--- Task to complete ---
From the entries that follow, copy each line containing the word "obtain".

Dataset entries

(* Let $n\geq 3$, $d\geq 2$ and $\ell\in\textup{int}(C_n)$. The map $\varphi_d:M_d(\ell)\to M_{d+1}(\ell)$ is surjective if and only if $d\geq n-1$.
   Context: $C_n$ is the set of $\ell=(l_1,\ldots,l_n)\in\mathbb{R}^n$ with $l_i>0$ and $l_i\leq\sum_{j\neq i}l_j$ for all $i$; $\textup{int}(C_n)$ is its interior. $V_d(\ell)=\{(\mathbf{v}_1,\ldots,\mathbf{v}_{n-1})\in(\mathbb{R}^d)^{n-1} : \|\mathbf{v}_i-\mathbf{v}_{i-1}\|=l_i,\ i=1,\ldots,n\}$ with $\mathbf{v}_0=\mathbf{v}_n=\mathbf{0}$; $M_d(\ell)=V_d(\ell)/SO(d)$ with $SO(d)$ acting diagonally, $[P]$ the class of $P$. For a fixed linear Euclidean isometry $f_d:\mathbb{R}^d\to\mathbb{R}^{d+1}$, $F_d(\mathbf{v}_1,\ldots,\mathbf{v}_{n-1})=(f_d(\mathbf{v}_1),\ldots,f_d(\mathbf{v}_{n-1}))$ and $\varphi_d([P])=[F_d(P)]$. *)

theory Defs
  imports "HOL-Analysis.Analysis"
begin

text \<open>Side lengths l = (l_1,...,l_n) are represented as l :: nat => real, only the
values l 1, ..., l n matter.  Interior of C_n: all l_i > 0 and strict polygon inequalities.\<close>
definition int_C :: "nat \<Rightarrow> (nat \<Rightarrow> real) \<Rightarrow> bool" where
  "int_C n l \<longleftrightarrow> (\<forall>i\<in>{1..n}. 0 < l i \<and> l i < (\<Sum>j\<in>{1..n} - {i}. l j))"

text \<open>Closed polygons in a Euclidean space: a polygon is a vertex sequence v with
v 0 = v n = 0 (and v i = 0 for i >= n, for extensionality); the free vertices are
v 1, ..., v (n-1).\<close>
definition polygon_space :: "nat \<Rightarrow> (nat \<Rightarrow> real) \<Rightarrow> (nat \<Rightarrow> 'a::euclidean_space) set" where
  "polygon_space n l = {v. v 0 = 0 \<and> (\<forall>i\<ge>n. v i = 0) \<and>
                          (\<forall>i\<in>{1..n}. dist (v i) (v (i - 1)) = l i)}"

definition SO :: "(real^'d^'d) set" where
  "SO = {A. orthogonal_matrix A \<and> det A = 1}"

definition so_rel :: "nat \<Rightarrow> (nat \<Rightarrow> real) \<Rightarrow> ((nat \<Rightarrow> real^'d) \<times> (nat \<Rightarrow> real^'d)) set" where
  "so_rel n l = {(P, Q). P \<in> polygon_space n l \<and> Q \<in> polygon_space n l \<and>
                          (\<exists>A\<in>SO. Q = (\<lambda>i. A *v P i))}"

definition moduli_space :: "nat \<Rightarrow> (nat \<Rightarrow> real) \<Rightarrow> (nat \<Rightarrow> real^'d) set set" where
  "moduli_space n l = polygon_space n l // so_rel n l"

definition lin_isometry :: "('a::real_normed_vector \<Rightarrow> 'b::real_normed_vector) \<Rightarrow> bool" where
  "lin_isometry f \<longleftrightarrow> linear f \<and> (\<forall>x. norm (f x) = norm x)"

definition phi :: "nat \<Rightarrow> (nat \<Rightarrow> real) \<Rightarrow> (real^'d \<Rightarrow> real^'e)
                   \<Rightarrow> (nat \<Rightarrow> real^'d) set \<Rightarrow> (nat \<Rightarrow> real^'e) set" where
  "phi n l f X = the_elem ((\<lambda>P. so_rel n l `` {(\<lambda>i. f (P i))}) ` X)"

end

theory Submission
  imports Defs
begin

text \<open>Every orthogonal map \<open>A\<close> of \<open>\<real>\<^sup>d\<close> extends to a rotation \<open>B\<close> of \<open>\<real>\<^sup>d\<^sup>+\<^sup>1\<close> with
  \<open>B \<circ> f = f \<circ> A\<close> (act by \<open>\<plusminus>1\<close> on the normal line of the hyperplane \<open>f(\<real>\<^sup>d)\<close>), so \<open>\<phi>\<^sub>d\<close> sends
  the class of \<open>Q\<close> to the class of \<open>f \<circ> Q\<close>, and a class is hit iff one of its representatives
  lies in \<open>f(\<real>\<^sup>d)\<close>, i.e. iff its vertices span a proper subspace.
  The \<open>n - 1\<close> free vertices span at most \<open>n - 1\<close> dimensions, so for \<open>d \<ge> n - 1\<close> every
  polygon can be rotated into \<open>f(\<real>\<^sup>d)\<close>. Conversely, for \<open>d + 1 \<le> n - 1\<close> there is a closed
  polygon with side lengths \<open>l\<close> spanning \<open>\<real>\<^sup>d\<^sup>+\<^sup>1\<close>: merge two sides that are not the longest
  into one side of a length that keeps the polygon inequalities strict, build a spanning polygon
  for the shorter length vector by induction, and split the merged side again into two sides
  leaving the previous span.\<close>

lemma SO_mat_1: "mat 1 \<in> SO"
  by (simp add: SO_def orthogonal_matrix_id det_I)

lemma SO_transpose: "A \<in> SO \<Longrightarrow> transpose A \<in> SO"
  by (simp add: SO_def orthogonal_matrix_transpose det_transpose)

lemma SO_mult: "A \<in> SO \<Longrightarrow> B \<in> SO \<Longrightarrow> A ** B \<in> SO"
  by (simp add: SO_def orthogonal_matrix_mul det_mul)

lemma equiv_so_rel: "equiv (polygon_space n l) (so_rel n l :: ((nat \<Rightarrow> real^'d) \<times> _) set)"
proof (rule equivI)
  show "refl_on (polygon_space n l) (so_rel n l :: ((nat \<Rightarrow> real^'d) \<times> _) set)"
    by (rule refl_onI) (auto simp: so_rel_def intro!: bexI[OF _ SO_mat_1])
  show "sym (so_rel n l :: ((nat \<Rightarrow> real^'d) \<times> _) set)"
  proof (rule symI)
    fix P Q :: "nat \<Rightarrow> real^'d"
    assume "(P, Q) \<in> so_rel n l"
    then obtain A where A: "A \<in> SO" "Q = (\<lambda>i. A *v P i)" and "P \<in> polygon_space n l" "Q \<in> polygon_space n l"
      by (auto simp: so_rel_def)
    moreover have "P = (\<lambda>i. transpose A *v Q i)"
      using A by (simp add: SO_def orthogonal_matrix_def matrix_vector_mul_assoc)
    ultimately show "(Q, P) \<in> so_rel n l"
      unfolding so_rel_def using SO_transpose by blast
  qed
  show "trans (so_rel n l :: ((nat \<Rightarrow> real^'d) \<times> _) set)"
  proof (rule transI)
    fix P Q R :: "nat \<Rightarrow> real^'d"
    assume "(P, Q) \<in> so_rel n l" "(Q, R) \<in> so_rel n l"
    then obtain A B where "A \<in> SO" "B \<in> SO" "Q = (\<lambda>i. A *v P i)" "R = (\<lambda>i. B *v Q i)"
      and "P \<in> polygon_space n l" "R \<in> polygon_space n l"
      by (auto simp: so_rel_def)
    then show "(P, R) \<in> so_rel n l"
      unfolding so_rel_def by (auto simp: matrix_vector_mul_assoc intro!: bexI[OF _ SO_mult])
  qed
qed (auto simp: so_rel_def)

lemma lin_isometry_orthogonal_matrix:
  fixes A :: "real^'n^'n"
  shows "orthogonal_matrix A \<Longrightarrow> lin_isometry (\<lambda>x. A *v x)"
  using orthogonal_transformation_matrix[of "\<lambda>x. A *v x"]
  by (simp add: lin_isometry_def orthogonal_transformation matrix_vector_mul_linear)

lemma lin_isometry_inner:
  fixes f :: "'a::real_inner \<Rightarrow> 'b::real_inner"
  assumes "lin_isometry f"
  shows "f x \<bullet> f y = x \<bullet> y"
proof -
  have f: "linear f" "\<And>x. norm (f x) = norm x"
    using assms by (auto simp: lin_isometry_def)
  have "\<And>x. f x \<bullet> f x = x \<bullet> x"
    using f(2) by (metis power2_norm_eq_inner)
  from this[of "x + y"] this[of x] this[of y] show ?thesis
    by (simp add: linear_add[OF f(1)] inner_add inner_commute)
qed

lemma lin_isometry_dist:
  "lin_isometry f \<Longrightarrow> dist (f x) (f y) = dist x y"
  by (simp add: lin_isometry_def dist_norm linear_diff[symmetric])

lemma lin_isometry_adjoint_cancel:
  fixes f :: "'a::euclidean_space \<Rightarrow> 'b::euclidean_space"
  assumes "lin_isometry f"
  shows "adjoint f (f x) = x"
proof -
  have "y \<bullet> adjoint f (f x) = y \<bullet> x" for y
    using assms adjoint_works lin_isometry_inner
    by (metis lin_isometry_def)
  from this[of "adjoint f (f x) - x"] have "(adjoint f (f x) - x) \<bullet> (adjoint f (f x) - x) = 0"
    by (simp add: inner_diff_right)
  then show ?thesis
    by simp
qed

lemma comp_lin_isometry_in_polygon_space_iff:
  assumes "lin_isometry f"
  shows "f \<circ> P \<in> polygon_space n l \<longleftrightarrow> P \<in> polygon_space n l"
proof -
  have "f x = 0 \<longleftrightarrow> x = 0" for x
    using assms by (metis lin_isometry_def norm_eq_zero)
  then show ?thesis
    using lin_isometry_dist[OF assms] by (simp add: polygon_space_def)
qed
==
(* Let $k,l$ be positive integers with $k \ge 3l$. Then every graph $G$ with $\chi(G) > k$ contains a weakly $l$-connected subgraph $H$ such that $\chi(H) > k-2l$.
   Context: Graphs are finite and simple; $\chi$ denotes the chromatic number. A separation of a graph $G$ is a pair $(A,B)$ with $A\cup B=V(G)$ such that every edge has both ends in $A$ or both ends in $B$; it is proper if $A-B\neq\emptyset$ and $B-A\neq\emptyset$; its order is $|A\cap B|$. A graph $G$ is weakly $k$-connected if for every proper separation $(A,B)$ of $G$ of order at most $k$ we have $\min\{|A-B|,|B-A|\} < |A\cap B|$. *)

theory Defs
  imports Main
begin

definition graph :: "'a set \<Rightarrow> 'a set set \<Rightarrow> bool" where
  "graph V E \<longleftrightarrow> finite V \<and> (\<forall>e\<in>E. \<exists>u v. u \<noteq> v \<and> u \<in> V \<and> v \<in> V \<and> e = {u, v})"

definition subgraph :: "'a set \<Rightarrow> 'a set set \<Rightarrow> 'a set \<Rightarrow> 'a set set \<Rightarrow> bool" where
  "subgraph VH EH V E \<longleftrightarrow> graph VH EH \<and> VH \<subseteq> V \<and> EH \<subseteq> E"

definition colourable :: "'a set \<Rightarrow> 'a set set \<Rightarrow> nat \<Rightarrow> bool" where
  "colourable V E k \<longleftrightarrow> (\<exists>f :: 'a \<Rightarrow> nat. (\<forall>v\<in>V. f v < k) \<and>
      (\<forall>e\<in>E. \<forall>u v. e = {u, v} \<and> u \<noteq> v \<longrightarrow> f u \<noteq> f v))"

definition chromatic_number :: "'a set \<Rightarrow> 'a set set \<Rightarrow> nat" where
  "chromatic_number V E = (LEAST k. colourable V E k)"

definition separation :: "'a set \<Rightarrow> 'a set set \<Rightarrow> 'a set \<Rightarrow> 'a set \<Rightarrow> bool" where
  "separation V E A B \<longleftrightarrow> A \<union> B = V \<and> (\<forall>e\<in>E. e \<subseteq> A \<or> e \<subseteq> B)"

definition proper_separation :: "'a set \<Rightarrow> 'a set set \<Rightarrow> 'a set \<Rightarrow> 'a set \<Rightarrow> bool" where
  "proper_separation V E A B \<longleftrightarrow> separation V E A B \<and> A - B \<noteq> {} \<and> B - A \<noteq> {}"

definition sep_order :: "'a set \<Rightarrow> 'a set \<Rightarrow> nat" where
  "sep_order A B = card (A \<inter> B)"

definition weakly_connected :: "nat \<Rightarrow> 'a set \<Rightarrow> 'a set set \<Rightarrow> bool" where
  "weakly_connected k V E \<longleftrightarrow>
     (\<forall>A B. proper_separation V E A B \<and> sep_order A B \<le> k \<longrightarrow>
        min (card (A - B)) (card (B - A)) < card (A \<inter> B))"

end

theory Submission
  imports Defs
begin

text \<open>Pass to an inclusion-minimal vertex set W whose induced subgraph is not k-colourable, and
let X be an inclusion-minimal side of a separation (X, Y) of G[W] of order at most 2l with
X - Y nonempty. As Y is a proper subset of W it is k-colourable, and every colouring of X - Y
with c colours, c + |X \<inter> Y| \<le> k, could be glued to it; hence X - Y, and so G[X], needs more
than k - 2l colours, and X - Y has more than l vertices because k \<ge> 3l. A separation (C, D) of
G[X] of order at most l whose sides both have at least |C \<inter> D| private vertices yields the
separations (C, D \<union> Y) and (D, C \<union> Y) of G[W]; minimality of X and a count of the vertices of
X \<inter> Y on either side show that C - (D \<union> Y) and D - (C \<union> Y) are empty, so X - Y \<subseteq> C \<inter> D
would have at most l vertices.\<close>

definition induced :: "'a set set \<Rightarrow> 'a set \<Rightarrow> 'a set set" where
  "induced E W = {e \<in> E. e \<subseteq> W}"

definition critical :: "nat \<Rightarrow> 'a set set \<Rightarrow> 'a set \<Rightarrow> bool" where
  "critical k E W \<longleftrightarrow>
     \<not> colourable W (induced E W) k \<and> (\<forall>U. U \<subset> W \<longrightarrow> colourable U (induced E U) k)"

--- Written solution ---
    then obtain A where A: "A \<in> SO" "Q = (\<lambda>i. A *v P i)" and "P \<in> polygon_space n l" "Q \<in> polygon_space n l"
    then obtain A B where "A \<in> SO" "B \<in> SO" "Q = (\<lambda>i. A *v P i)" "R = (\<lambda>i. B *v Q i)"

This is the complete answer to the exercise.